After running the program, the following output will be displayed:

go run byte.go

Note: Run the program in the Desktop or WebIDE Terminal, but avoid running it in the Terminal Tab located at the top of the LabEx VM.

Value of a: 😊
Value of b: ♥
Value of c: 💖
Value of d: A
Value of e: 😉

Variable a represents the smile emoji '😊'.
Variable b is initialized with the decimal representation of a Unicode character (9829), which corresponds to the heart symbol '♥'.
Variable c is initialized with the hexadecimal representation of a Unicode character (0x1F496), which corresponds to the sparkling heart emoji '💖'.
Variable d represents the capital letter 'A' using the Unicode format \u0041.
Variable e represents the winking face emoji '😉' using the \U format with the code point 0001F609.

Note: In Go, single quotes and double quotes are not the same. Single quotes are used to represent characters, while double quotes are used to declare strings. Therefore, single quotes should be used when declaring byte and rune types, or an error will occur.

Quiz

Now, let's reinforce what we have learned. Create a new file called rune.go and enter the following code. Complete the code so that the hexadecimal number 0x1F648 is assigned to the variable a and the program correctly outputs its value.

Requirements: The file rune.go should be placed in the ~/project directory.
Hint: For long hexadecimal numbers, a specified format must be used.

package main

import "fmt"

func main() {
    var a rune = 0x1F648
    fmt.Printf("The value of a is: %c\n", a)
}

Summary

Let's recap what we have learned in this section:

ASCII characters occupy one byte and can represent 128 characters.
UTF-8 encoding is a form of the Unicode character set.
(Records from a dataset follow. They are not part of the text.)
lemma one_param_subgroup_eventually_in:
  assumes "X \<in> one_param_subgroups" "open W" "0 \<in> W"
  shows "\<forall>\<^sub>F u in nhds 0. X u \<in> W"
proof -
  have "(X \<longlongrightarrow> X 0) (nhds 0)"
    using one_param_subgroup_isCont[OF assms(1), of 0] by (simp only: isCont_def tendsto_at_iff_tendsto_nhds)
  then show ?thesis using one_param_subgroup_zero[OF assms(1)] assms(2,3) by (auto dest: topological_tendstoD)
qed

lemma eventually_product_powers_in:
  fixes X1 X2 X :: "real \<Rightarrow> 'g::{topological_group_add,t2_space}"
  assumes X1: "X1 \<in> one_param_subgroups" and X2: "X2 \<in> one_param_subgroups"
    and X: "X \<in> one_param_subgroups"
    and uc: "unif_conv_on_compacts (\<lambda>n t. gpow (X1 (t / real n) + X2 (t / real n)) n) X"
    and W: "open W" "0 \<in> W"
  shows "\<forall>\<^sub>F u in nhds 0. \<forall>k. gpow (X1 (u / real k) + X2 (u / real k)) k \<in> W"
proof -
  define Y where "Y k u = gpow (X1 (u / real k) + X2 (u / real k)) k" for k u
  obtain W' where W': "open W'" "0 \<in> W'" "\<And>a b. a \<in> W' \<Longrightarrow> b \<in> W' \<Longrightarrow> 0 + a + b \<in> W"
    using open_contains_translate_sum2[OF W] by blast
  \<comment> \<open>uniform convergence on [-1, 1] handles all large k at once, continuity the finitely many others\<close>
  have "nhd_of W' 0" using W' by (auto simp: nhd_of_def)
  from uc[unfolded unif_conv_on_compacts_def, rule_format, OF compact_Icc[of "-1" 1] this]
  obtain K where K: "\<And>k u. k \<ge> K \<Longrightarrow> u \<in> {-1..1} \<Longrightarrow> - X u + Y k u \<in> W'"
    unfolding eventually_sequentially Y_def by blast
  have Y_tendsto: "(Y k \<longlongrightarrow> 0) (nhds 0)" for k
  proof -
    have "((\<lambda>u. u * inverse (real k)) \<longlongrightarrow> 0 * inverse (real k)) (nhds 0)"
      by (intro tendsto_mult filterlim_ident tendsto_const)
    then have "((\<lambda>u. X1 (u / real k) + X2 (u / real k)) \<longlongrightarrow> X1 0 + X2 0) (nhds 0)"
      by (intro tendsto_add isCont_tendsto_compose[OF one_param_subgroup_isCont[OF X1]]
          isCont_tendsto_compose[OF one_param_subgroup_isCont[OF X2]]) (simp_all add: divide_inverse)
    from tendsto_gpow[OF this, of k] show ?thesis
      by (simp add: Y_def[abs_def] one_param_subgroup_zero[OF X1] one_param_subgroup_zero[OF X2])
  qed
  have small_k: "\<forall>\<^sub>F u in nhds 0. \<forall>k\<in>{..<K}. Y k u \<in> W"
    using Y_tendsto W by (intro eventually_ball_finite) (auto dest: topological_tendstoD)
  have small_X: "\<forall>\<^sub>F u in nhds 0. X u \<in> W'"
    using X W'(1,2) by (rule one_param_subgroup_eventually_in)
  have "\<forall>\<^sub>F u in nhds 0. u \<in> {-1<..<1::real}"
    by (rule eventually_nhds_in_open) auto
  with small_k small_X show ?thesis
  proof eventually_elim
    case (elim u)
    have "Y k u \<in> W" for k
    proof (cases "k < K")
      case False
      then show ?thesis using W'(3)[of "X u" "- X u + Y k u"] K[of k u] elim by simp
    qed (use elim in auto)
    then show ?case by (simp add: Y_def)
  qed
qed
lemma lyapunov_loc_exp_stable_set:
  fixes f :: "'a::real_normed_vector \<Rightarrow> 'a" and V :: "'a \<Rightarrow> real"
  assumes V_deriv: "\<And>\<theta>. (V has_derivative V' \<theta>) (at \<theta>)"
    and V_lower: "\<And>\<theta>. \<alpha> * (infdist \<theta> S)\<^sup>2 \<le> V \<theta>"
    and V_upper: "\<And>\<theta>. V \<theta> \<le> \<beta> * (infdist \<theta> S)\<^sup>2"
    and V_decay: "\<And>\<theta>. V \<theta> < L \<Longrightarrow> V' \<theta> (f \<theta>) \<le> - c * V \<theta>"
    and pos: "0 < \<alpha>" "0 < \<beta>" "0 < c" "0 < L"
  shows "loc_exp_stable_set f S"
proof -
  have bound: "infdist (x t) S \<le> sqrt (\<beta> / \<alpha>) * exp (- (c / 2) * t) * infdist (x 0) S"
    if sol: "solves_on f x T" and near: "infdist (x 0) S < sqrt (L / \<beta>)" and t: "t \<in> {0..<T}"
    for x T t
  proof -
    let ?d = "\<lambda>t. infdist (x t) S"
    have "V (x 0) \<le> \<beta> * (?d 0)\<^sup>2" by (rule V_upper)
    also have "\<dots> < \<beta> * (sqrt (L / \<beta>))\<^sup>2"
      using near pos by (intro mult_strict_left_mono power_strict_mono) (auto simp: infdist_nonneg)
    finally have V0_below: "V (x 0) < L" using pos by simp
    have "0 \<le> \<alpha> * (?d 0)\<^sup>2" using pos by simp
    then have V0_nonneg: "0 \<le> V (x 0)" using V_lower[of "x 0"] by linarith
    have deriv: "((\<lambda>t. V (x t)) has_real_derivative V' (x t) (f (x t))) (at t within {0..<T})"
      if "t \<in> {0..<T}" for t
      using has_real_derivative_along[OF V_deriv] sol that by (simp add: solves_on_def)
    have "V (x t) \<le> exp (- c * t) * V (x 0)"
      using pos by (intro exp_decay_below_threshold[OF deriv V_decay _ V0_nonneg V0_below t]) auto
    also have "\<dots> \<le> exp (- c * t) * (\<beta> * (?d 0)\<^sup>2)" by (simp add: V_upper)
    finally have "\<alpha> * (?d t)\<^sup>2 \<le> exp (- c * t) * (\<beta> * (?d 0)\<^sup>2)"
      using V_lower[of "x t"] by linarith
    moreover have "(exp (- (c / 2) * t))\<^sup>2 = exp (- c * t)"
      by (simp flip: exp_double)
    ultimately have "(?d t)\<^sup>2 \<le> (sqrt (\<beta> / \<alpha>) * exp (- (c / 2) * t) * ?d 0)\<^sup>2"
      using pos by (simp add: power_mult_distrib field_simps)
    then show ?thesis
      by (rule power2_le_imp_le) (use pos in \<open>simp add: infdist_nonneg\<close>)
  qed
  moreover have "0 < sqrt (L / \<beta>)" "0 < c / 2" using pos by auto
  ultimately show ?thesis unfolding loc_exp_stable_set_def by blast
qed

lemma loc_exp_stable_point_iff_set: "loc_exp_stable_point f p \<longleftrightarrow> loc_exp_stable_set f {p}"
  by (simp add: loc_exp_stable_point_def loc_exp_stable_set_def)

lemma homogeneous_coercive_on_cone:
  fixes Q :: "'a::euclidean_space \<Rightarrow> real"
  assumes cont: "continuous_on UNIV Q" and hom: "\<And>c u. Q (c *\<^sub>R u) = c\<^sup>2 * Q u"
    and K: "closed K" "\<And>c u. u \<in> K \<Longrightarrow> c *\<^sub>R u \<in> K"
    and pos: "\<And>u. u \<in> K \<Longrightarrow> u \<noteq> 0 \<Longrightarrow> 0 < Q u"
  obtains \<mu> where "0 < \<mu>" "\<And>u. u \<in> K \<Longrightarrow> \<mu> * (norm u)\<^sup>2 \<le> Q u"
proof (cases "sphere 0 1 \<inter> K = {}")
  case True
  have "u = 0" if "u \<in> K" for u
  proof (rule ccontr)
    assume "u \<noteq> 0"
    then have "(1 / norm u) *\<^sub>R u \<in> sphere 0 1 \<inter> K" using K(2)[OF that] by simp
    then show False using True by blast
  qed
  then show ?thesis using hom[of 0 0] by (intro that[of 1]) force+
next
  case False
  have "compact (sphere 0 1 \<inter> K)" using K(1) by (intro compact_Int_closed) auto
  then obtain e where e: "e \<in> sphere 0 1 \<inter> K" "\<And>y. y \<in> sphere 0 1 \<inter> K \<Longrightarrow> Q e \<le> Q y"
    using continuous_attains_inf[OF _ False continuous_on_subset[OF cont]] by auto
  show ?thesis
  proof (rule that[of "Q e"])
    show "0 < Q e" using e(1) by (intro pos) auto
    fix u assume u: "u \<in> K"
    show "Q e * (norm u)\<^sup>2 \<le> Q u"
    proof (cases "u = 0")
      case True then show ?thesis using hom[of 0 0] by simp
    next
      case False
      then have "Q e \<le> Q ((1 / norm u) *\<^sub>R u)" using e(2) K(2)[OF u] by simp
      also have "\<dots> = Q u / (norm u)\<^sup>2" using hom by (simp add: power_divide)
      finally show ?thesis using False by (simp add: field_simps)
    qed
  qed
qed

lemma finite_range_pos_lower_bound:
  fixes h :: "'a::finite \<Rightarrow> real"
  assumes "\<And>x. 0 < h x"
  obtains c where "0 < c" "\<And>x. c \<le> h x"
  using assms by (intro that[of "Min (range h)"]) auto

lemma sum_sum_antisym_half:
  fixes A s :: "'a::finite \<Rightarrow> 'a \<Rightarrow> real"
  assumes "\<And>j l. A j l = A l j" "\<And>j l. s j l = - s l j"
  shows "(\<Sum>j\<in>UNIV. \<Sum>l\<in>UNIV. A j l * u j * s j l)
       = (\<Sum>j\<in>UNIV. \<Sum>l\<in>UNIV. A j l * (u j - u l) * s j l) / 2"
proof -
  have "(\<Sum>j\<in>UNIV. \<Sum>l\<in>UNIV. A j l * u l * s j l) = (\<Sum>l\<in>UNIV. \<Sum>j\<in>UNIV. A j l * u l * s j l)"
    by (rule sum.swap)
  also have "\<dots> = (\<Sum>l\<in>UNIV. \<Sum>j\<in>UNIV. - (A l j * u l * s l j))"
    using assms by (intro sum.cong refl) (metis mult_minus_right)
  also have "\<dots> = - (\<Sum>j\<in>UNIV. \<Sum>l\<in>UNIV. A j l * u j * s j l)"
    by (simp add: sum_negf)
  finally show ?thesis by (simp add: algebra_simps sum_subtractf)
qed

lemma rtranclp_eq_if_edges_eq:
  assumes "R\<^sup>*\<^sup>* j l" "\<And>a b. R a b \<Longrightarrow> u a = u b"
  shows "u j = u l"
  using assms(1) by induction (use assms(2) in auto)

locale phase_network =
  fixes C :: real and \<kappa> r \<iota> \<gamma> :: "'n::finite \<Rightarrow> real" and g :: "'n \<Rightarrow> 'n \<Rightarrow> real"
  assumes C_pos: "0 < C" and \<kappa>_pos: "\<And>j. 0 < \<kappa> j" and r_pos: "\<And>j. 0 < r j"
    and g_sym: "\<And>j l. g j l = g l j" and g_nonneg: "\<And>j l. 0 \<le> g j l"
    and connected: "\<And>j l. (\<lambda>a b. 0 < g a b)\<^sup>*\<^sup>* j l"
    and \<iota>_nonneg: "\<And>j. 0 \<le> \<iota> j"
begin

abbreviation field :: "real^'n \<Rightarrow> real^'n" where
  "field \<equiv> phase_field C \<kappa> r g \<iota> \<gamma>"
It is a variable-length encoding, and its byte length varies depending on the character being represented.
The byte data type can be used to represent ASCII characters, while the rune data type can be used to represent Unicode characters.
The byte data type can represent ASCII characters, and the rune data type can represent Unicode characters.

In this section, we first explained ASCII, UTF-8, and Unicode. Then, we explained the relationship between the character data types byte and rune and the integer data types.